+++ INPUT FOR THIS TASK

(* The Lie group $(\delta+\mathbb{K}^m\langle\langle X\rangle\rangle,\circ,\delta)$ (Fréchet topology) is $C^0$-regular.
   Context: $\mathbb{K}\in\{\mathbb{R},\mathbb{C}\}$. $X=\{x_0,x_1,\ldots,x_m\}$ is a finite alphabet, $X^\ast$ its words (including $\emptyset$). $\mathbb{K}^m\langle\langle X\rangle\rangle$ is the space of maps $X^\ast\to\mathbb{K}^m$ with the Fréchet (product) topology; $d[i]$ is the $i$-th component of $d$. $\delta+\mathbb{K}^m\langle\langle X\rangle\rangle=\{\delta+c\}$, $\delta$ a formal symbol, an affine space modelled on $\mathbb{K}^m\langle\langle X\rangle\rangle$. The shuffle product $\sqcup\!\sqcup$ is determined on words by $(x_i\eta)\sqcup\!\sqcup(x_j\xi)=x_i(\eta\sqcup\!\sqcup(x_j\xi))+x_j((x_i\eta)\sqcup\!\sqcup\xi)$, $\eta\sqcup\!\sqcup\emptyset=\emptyset\sqcup\!\sqcup\eta=\eta$. Mixed composition: with $d[0]:=0$, $\phi_d(\emptyset)=\mathrm{id}$, $\phi_d(x_i\eta)=\phi_d(x_i)\circ\phi_d(\eta)$, $\phi_d(x_i)(e)=x_ie+x_0(d[i]\sqcup\!\sqcup e)$, $c\,\tilde\circ\,d_\delta=\sum_\eta(c,\eta)\phi_d(\eta)(1\cdot\emptyset)$; group product $(\delta+c)\circ(\delta+d)=\delta+d+c\,\tilde\circ\,d_\delta$, identity $\delta$; this is an analytic Lie group with Lie algebra $\mathbb{K}^m\langle\langle X\rangle\rangle$. A Lie group $G$ with unit $1$ and Lie algebra $\mathbf{L}(G)$ is $C^0$-regular if for every continuous curve $u\colon[0,1]\to\mathbf{L}(G)$ the initial value problem $\dot\gamma(t)=T\lambda_{\gamma(t)}(u(t))$, $\gamma(0)=1$ (with $\lambda_g(h)=gh$) has a $C^1$-solution $\mathrm{Evol}(u)\colon[0,1]\to G$, and the map $\mathrm{evol}\colon C^0([0,1],\mathbf{L}(G))\to G$, $u\mapsto\mathrm{Evol}(u)(1)$, is smooth (Bastiani sense), where $C^0([0,1],\mathbf{L}(G))$ carries the compact-open topology. *)

theory Defs
  imports "HOL-Analysis.Analysis"
begin

text \<open>Alphabet X = {x_0,...,x_m} is encoded as 'n option with 'n finite, m = CARD('n):
  None = x_0, Some i = x_i.  K-valued series are maps
  words => 'a, K^m-valued series are maps words => 'n => 'a (component d w i = (d,w)[i]).
  The Frechet (product) topology is the product topology of the function type.
  A group element delta + c is represented by c; delta corresponds to 0.\<close>

type_synonym ('n,'a) sser = "'n option list \<Rightarrow> 'a"
type_synonym ('n,'a) vser = "'n option list \<Rightarrow> 'n \<Rightarrow> 'a"

fun shw :: "'b list \<Rightarrow> 'b list \<Rightarrow> 'b list list" where
  "shw [] ys = [ys]"
| "shw xs [] = [xs]"
| "shw (x#xs) (y#ys) = map ((#) x) (shw xs (y#ys)) @ map ((#) y) (shw (x#xs) ys)"

definition shuffle :: "('n::finite,'a::comm_ring_1) sser \<Rightarrow> ('n,'a) sser \<Rightarrow> ('n,'a) sser" where
  "shuffle c e = (\<lambda>\<nu>. \<Sum>p\<in>{(\<alpha>,\<beta>). length \<alpha> + length \<beta> = length \<nu>}.
      c (fst p) * e (snd p) * of_nat (count_list (shw (fst p) (snd p)) \<nu>))"

definition lcat :: "'n option \<Rightarrow> ('n,'a::zero) sser \<Rightarrow> ('n,'a) sser" where
  "lcat x e = (\<lambda>w. case w of [] \<Rightarrow> 0 | y # w' \<Rightarrow> (if y = x then e w' else 0))"

definition dcomp :: "('n,'a::zero) vser \<Rightarrow> 'n option \<Rightarrow> ('n,'a) sser" where
  "dcomp d x = (case x of None \<Rightarrow> (\<lambda>w. 0) | Some i \<Rightarrow> (\<lambda>w. d w i))"

definition phiL :: "('n::finite,'a::comm_ring_1) vser \<Rightarrow> 'n option \<Rightarrow> ('n,'a) sser \<Rightarrow> ('n,'a) sser" where
  "phiL d x e = (\<lambda>w. lcat x e w + lcat None (shuffle (dcomp d x) e) w)"

fun phi :: "('n::finite,'a::comm_ring_1) vser \<Rightarrow> 'n option list \<Rightarrow> ('n,'a) sser" where
  "phi d [] = (\<lambda>w. if w = [] then 1 else 0)"
| "phi d (x # \<eta>) = phiL d x (phi d \<eta>)"

definition mcomp :: "('n::finite,'a::real_normed_field) vser \<Rightarrow> ('n,'a) vser \<Rightarrow> ('n,'a) vser" where
  "mcomp c d = (\<lambda>\<nu> k. \<Sum>\<^sub>\<infinity>\<eta>. c \<eta> k * phi d \<eta> \<nu>)"

text \<open>Group product (delta + c) o (delta + d) = delta + d + c ~o d_delta.\<close>
definition gmul :: "('n::finite,'a::real_normed_field) vser \<Rightarrow> ('n,'a) vser \<Rightarrow> ('n,'a) vser" where
  "gmul c d = (\<lambda>\<nu> k. d \<nu> k + mcomp c d \<nu> k)"

text \<open>C^0([0,1], L(G)): continuous curves on [0,1], extended by 0 outside [0,1].\<close>
definition C0set :: "(real \<Rightarrow> ('n,'a::real_normed_field) vser) set" where
  "C0set = {u. continuous_on {0..1} u \<and> (\<forall>t. t \<notin> {0..1} \<longrightarrow> u t = (\<lambda>\<nu> k. 0))}"

definition CO_top :: "(real \<Rightarrow> ('n,'a::real_normed_field) vser) topology" where
  "CO_top = subtopology
     (topology_generated_by {{u. u ` K \<subseteq> U} | K U. compact K \<and> K \<subseteq> {0..1} \<and> open U})
     C0set"

text \<open>Bastiani smoothness (over K) of a map C^0([0,1],L(G)) -> L(G):
  D k u vs = d^k F(u; vs 0, ..., vs (k-1)) exist as iterated directional derivatives
  and are continuous on C^0 x (C^0)^k.\<close>
definition bastiani_smooth :: "((real \<Rightarrow> ('n,'a::real_normed_field) vser) \<Rightarrow> ('n,'a) vser) \<Rightarrow> bool" where
  "bastiani_smooth F \<longleftrightarrow>
    (\<exists>D :: nat \<Rightarrow> (real \<Rightarrow> ('n,'a) vser) \<Rightarrow> (nat \<Rightarrow> real \<Rightarrow> ('n,'a) vser) \<Rightarrow> ('n,'a) vser.
      (\<forall>u\<in>C0set. D 0 u (\<lambda>_. undefined) = F u) \<and>
      (\<forall>k. continuous_map (prod_topology CO_top (product_topology (\<lambda>_. CO_top) {..<k}))
              euclidean (\<lambda>(u, vs). D k u vs)) \<and>
      (\<forall>k u vs v. u \<in> C0set \<and> vs \<in> PiE {..<k} (\<lambda>_. C0set) \<and> v \<in> C0set \<longrightarrow>
         ((\<lambda>s::'a. (\<lambda>\<nu> i. (D k (\<lambda>t \<nu>' j. u t \<nu>' j + s * v t \<nu>' j) vs \<nu> i - D k u vs \<nu> i) / s))
            \<longlongrightarrow> D (Suc k) u (vs(k := v))) (at 0)))"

++++++

→ WORK INSTRUCTION
From the entries above, copy each line that holds "valued".

→ ANSWER FOR THIS EXERCISE
  None = x_0, Some i = x_i.  K-valued series are maps
  words => 'a, K^m-valued series are maps words => 'n => 'a (component d w i = (d,w)[i]).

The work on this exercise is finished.